* [HOW TO COMPLETE THIS TASK]
Reading the data below, count the lines that carry the string "lambda". Give nothing but the count.

★ ★ ★ ★ ★

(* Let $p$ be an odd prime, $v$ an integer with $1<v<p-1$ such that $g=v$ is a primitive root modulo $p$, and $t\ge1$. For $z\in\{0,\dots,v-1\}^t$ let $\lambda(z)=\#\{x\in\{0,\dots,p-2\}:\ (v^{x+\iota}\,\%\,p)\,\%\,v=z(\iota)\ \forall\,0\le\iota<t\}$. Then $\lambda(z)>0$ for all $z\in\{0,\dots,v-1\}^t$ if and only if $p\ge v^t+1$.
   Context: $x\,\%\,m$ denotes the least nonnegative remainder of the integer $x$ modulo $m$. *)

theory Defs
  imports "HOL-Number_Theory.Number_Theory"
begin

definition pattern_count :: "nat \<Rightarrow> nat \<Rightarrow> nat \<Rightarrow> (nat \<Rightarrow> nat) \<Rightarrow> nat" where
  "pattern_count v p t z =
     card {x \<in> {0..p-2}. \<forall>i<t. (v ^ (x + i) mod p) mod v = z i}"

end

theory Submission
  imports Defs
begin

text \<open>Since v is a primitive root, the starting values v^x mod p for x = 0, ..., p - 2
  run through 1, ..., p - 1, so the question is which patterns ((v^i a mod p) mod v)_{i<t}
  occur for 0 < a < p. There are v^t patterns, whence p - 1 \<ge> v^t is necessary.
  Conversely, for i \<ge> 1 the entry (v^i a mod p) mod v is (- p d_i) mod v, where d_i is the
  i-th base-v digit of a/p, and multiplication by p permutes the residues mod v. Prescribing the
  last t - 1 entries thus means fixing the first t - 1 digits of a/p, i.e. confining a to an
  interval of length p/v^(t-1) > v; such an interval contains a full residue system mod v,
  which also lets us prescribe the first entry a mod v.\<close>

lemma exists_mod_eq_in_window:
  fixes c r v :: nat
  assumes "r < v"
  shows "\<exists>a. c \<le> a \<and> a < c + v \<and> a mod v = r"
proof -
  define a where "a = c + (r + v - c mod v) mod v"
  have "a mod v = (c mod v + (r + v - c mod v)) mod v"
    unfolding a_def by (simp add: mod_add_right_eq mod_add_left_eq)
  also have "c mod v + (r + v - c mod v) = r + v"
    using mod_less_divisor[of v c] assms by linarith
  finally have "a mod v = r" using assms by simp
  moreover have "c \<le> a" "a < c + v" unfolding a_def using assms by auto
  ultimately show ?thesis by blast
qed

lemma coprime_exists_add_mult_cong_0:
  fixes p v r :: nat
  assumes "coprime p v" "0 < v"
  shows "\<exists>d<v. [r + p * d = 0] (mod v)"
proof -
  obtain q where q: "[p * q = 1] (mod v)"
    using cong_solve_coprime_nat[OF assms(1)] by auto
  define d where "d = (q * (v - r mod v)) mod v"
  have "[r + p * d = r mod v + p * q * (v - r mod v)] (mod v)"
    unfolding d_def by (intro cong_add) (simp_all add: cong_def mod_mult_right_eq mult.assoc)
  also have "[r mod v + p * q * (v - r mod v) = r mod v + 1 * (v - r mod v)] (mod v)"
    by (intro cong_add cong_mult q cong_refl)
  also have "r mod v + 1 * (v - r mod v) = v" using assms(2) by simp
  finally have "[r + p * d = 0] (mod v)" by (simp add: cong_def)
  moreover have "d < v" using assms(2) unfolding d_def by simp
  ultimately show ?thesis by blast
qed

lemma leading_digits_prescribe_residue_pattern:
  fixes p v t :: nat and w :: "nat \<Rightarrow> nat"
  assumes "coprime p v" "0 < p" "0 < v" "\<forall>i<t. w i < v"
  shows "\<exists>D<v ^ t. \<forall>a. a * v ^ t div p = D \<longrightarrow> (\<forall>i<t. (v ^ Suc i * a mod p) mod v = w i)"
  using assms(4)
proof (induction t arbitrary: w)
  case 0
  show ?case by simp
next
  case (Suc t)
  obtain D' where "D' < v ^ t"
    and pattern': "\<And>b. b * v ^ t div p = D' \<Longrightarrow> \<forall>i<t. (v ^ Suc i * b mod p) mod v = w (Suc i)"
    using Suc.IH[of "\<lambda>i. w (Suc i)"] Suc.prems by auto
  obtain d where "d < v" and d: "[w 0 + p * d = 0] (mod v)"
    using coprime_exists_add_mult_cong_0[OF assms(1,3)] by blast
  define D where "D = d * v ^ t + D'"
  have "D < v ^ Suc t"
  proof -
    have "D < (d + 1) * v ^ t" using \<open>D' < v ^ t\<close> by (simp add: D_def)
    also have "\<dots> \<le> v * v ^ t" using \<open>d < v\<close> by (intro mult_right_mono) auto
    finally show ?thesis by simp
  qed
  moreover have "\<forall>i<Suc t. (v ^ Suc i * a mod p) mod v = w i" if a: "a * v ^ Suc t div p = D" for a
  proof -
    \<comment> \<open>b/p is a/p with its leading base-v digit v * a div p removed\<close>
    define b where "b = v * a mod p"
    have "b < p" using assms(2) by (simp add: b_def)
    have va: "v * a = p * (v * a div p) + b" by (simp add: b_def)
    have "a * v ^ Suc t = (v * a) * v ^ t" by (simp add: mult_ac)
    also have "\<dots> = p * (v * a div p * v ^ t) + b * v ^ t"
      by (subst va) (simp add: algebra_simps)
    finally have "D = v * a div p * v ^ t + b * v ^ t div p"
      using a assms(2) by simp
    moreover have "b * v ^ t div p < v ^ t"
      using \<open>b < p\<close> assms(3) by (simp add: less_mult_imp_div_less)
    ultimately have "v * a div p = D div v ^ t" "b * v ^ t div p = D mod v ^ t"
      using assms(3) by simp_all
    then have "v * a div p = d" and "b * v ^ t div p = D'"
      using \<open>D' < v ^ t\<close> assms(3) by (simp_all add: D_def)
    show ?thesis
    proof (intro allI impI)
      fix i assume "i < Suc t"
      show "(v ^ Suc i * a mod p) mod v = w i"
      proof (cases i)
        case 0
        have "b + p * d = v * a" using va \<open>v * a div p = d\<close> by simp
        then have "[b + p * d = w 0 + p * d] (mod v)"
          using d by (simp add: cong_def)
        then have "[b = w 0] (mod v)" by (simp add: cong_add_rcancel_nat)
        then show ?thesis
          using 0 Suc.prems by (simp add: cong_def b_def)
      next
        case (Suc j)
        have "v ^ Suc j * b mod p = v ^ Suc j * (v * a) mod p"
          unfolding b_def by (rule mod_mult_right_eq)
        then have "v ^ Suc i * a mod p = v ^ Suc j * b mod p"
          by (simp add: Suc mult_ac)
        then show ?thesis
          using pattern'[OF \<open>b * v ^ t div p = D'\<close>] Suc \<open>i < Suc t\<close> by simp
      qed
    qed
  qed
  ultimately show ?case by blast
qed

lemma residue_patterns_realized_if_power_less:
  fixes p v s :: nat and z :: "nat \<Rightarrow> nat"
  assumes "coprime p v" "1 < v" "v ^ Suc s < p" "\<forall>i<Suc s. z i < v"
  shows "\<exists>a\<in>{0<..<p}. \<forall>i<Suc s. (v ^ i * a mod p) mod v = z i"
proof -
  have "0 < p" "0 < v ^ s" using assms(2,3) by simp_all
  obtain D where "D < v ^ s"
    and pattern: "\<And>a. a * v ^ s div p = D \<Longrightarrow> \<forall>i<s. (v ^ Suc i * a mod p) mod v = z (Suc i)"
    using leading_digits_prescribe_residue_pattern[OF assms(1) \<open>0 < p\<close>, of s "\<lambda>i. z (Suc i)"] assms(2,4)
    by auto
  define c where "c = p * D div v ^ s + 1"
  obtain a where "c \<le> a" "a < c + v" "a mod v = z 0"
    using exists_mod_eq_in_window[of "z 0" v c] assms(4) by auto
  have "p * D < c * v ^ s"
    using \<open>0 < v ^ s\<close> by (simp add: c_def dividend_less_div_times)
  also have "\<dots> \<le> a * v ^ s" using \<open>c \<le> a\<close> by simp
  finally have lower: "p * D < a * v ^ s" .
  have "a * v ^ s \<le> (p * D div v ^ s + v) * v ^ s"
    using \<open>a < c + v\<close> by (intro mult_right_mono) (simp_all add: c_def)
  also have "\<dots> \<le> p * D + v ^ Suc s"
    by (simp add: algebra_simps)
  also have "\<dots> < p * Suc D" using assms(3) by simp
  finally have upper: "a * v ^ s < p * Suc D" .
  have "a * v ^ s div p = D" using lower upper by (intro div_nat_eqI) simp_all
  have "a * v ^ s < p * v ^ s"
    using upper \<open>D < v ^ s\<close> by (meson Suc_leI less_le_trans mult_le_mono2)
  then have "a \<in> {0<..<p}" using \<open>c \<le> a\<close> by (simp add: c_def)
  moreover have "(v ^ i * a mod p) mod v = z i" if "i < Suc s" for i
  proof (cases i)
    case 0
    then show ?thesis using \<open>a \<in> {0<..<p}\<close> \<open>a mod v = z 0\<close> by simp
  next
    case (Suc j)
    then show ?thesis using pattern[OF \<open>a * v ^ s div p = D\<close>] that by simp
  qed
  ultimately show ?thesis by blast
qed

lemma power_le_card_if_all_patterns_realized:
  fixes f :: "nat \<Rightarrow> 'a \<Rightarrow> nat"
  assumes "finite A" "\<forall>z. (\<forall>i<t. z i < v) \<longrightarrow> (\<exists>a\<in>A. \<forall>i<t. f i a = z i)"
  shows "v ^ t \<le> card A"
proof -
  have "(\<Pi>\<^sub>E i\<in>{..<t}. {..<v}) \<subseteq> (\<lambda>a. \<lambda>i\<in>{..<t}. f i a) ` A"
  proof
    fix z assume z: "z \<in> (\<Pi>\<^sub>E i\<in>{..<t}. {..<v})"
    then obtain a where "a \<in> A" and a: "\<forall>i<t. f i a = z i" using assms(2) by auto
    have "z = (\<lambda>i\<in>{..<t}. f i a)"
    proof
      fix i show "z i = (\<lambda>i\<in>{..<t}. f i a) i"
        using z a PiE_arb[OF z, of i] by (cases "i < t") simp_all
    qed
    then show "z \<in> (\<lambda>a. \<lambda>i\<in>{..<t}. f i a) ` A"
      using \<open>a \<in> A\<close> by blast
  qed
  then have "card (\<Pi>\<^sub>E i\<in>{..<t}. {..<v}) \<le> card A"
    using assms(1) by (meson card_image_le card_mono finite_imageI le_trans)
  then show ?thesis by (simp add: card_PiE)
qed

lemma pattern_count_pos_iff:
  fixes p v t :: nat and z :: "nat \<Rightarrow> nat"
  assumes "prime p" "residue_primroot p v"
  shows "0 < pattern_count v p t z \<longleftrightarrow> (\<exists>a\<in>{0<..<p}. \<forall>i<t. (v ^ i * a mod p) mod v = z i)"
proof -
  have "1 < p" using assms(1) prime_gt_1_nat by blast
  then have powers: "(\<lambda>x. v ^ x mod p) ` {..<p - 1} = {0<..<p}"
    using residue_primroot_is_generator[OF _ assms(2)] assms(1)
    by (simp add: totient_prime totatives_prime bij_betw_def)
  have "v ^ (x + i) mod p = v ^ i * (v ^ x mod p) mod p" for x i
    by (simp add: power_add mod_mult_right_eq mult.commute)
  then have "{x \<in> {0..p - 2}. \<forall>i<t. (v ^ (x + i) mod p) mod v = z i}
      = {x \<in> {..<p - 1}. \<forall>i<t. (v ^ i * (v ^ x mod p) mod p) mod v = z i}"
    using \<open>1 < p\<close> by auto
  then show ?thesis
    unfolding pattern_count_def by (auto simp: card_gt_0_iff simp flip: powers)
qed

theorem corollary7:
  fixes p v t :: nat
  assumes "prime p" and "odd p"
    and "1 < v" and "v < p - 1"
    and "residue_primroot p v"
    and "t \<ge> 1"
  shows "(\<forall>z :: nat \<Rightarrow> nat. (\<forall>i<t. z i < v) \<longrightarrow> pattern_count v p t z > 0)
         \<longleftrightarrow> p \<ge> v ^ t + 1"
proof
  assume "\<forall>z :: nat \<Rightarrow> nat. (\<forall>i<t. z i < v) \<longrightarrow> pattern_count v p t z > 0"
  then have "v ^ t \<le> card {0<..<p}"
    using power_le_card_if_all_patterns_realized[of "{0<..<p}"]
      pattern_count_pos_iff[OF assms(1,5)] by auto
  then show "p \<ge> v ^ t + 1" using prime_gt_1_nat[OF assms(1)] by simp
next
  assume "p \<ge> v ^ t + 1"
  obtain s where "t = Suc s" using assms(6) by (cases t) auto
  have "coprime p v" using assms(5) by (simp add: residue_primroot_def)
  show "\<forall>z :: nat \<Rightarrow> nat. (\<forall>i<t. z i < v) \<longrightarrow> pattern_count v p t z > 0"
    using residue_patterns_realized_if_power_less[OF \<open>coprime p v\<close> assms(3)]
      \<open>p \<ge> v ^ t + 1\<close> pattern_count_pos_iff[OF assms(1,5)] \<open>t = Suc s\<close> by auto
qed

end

★ ★ ★ ★ ★

* [SOLUTION FOR THIS TASK]
8